* Action item *
Filter the entries, keeping every line with the string "variance".

Source data
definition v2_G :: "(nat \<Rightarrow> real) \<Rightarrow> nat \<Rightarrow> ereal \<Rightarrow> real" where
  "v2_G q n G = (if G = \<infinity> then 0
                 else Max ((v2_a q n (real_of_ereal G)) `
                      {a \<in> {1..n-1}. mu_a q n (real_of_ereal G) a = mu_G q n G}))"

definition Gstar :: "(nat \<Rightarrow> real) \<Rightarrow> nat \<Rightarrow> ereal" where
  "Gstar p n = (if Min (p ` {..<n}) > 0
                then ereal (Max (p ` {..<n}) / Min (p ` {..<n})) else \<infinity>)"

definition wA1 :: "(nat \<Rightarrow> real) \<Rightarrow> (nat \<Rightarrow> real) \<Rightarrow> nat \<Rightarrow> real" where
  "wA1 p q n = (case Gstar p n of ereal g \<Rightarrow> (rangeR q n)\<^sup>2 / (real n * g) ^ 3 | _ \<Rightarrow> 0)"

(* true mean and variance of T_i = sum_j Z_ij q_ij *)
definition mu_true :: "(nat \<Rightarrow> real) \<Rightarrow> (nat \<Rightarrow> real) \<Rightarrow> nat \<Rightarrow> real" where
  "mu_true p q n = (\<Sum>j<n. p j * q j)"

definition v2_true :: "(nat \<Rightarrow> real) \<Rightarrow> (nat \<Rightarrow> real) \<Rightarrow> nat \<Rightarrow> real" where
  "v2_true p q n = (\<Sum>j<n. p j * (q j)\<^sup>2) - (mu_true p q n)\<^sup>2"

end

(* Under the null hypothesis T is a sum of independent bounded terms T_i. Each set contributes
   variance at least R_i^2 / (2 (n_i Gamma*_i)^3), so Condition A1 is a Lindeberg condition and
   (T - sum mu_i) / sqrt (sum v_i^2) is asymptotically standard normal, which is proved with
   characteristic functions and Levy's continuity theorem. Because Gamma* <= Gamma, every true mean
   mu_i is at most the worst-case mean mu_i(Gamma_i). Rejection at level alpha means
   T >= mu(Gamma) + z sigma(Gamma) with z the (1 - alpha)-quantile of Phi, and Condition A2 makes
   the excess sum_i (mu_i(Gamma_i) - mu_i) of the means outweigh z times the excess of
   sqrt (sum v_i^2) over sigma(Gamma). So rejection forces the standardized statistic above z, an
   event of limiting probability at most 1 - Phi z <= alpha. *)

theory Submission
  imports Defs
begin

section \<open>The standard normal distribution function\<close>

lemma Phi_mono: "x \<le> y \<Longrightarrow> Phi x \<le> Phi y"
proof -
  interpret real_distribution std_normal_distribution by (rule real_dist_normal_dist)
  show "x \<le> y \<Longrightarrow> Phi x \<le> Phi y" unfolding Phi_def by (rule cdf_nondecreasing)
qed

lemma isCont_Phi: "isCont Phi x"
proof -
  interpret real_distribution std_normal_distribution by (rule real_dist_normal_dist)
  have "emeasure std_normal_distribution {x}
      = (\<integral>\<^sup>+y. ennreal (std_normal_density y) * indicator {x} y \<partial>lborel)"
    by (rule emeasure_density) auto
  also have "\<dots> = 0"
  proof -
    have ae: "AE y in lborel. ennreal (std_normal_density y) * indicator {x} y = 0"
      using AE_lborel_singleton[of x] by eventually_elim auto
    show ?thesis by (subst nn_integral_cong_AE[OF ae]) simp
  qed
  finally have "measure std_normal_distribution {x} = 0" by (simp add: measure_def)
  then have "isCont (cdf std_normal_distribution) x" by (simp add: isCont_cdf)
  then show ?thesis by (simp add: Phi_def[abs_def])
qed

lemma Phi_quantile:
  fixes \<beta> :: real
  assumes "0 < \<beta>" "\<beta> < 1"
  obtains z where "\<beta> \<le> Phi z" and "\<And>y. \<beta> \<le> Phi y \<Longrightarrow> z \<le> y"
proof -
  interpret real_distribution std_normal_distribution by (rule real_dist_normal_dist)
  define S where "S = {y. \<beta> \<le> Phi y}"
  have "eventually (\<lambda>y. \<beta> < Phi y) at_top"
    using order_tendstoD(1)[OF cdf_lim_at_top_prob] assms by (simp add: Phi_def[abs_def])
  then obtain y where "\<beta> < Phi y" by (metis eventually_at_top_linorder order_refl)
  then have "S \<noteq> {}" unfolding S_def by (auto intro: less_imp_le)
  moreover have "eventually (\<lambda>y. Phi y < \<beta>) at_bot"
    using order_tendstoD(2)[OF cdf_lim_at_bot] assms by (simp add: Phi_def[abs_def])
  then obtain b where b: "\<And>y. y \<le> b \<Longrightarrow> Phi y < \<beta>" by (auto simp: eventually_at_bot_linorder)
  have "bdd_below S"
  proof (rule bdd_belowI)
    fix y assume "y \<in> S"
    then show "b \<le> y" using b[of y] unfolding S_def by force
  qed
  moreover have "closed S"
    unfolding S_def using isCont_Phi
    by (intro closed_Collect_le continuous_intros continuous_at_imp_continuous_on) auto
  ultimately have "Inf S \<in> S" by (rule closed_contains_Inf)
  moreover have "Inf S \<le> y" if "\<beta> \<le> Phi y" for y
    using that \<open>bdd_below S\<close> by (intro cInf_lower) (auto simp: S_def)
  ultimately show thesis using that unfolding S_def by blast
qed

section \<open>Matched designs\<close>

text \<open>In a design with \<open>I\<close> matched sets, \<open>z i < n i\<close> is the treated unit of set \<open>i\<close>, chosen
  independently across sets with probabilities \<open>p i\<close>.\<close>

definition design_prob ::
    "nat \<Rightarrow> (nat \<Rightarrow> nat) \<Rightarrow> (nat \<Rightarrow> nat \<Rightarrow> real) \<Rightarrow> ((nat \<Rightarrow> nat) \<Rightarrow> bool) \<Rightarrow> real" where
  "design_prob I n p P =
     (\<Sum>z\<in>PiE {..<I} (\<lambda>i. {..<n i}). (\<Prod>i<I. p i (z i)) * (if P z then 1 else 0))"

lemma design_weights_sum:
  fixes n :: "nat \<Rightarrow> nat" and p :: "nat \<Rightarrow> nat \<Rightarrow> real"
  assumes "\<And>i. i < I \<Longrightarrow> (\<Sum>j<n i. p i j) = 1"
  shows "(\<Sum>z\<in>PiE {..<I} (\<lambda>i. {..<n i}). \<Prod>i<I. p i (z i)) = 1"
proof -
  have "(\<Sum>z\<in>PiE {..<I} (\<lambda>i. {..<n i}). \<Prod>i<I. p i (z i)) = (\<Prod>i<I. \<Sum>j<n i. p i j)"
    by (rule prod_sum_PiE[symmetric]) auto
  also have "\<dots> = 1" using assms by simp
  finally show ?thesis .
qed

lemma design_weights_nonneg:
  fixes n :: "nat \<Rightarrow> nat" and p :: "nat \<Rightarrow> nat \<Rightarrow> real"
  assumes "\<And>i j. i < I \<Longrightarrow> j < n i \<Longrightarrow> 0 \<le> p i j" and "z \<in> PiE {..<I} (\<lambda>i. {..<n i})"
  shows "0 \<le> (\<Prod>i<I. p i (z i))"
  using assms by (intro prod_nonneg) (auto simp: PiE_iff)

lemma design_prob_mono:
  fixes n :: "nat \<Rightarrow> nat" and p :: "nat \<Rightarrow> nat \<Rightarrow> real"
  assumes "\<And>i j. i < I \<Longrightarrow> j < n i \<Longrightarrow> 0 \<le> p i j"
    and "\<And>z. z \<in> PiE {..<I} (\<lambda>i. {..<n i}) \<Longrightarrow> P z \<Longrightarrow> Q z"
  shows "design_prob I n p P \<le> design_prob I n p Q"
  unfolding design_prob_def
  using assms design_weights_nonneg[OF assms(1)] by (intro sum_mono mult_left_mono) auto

* Exercise response *
(* true mean and variance of T_i = sum_j Z_ij q_ij *)
   variance at least R_i^2 / (2 (n_i Gamma*_i)^3), so Condition A1 is a Lindeberg condition and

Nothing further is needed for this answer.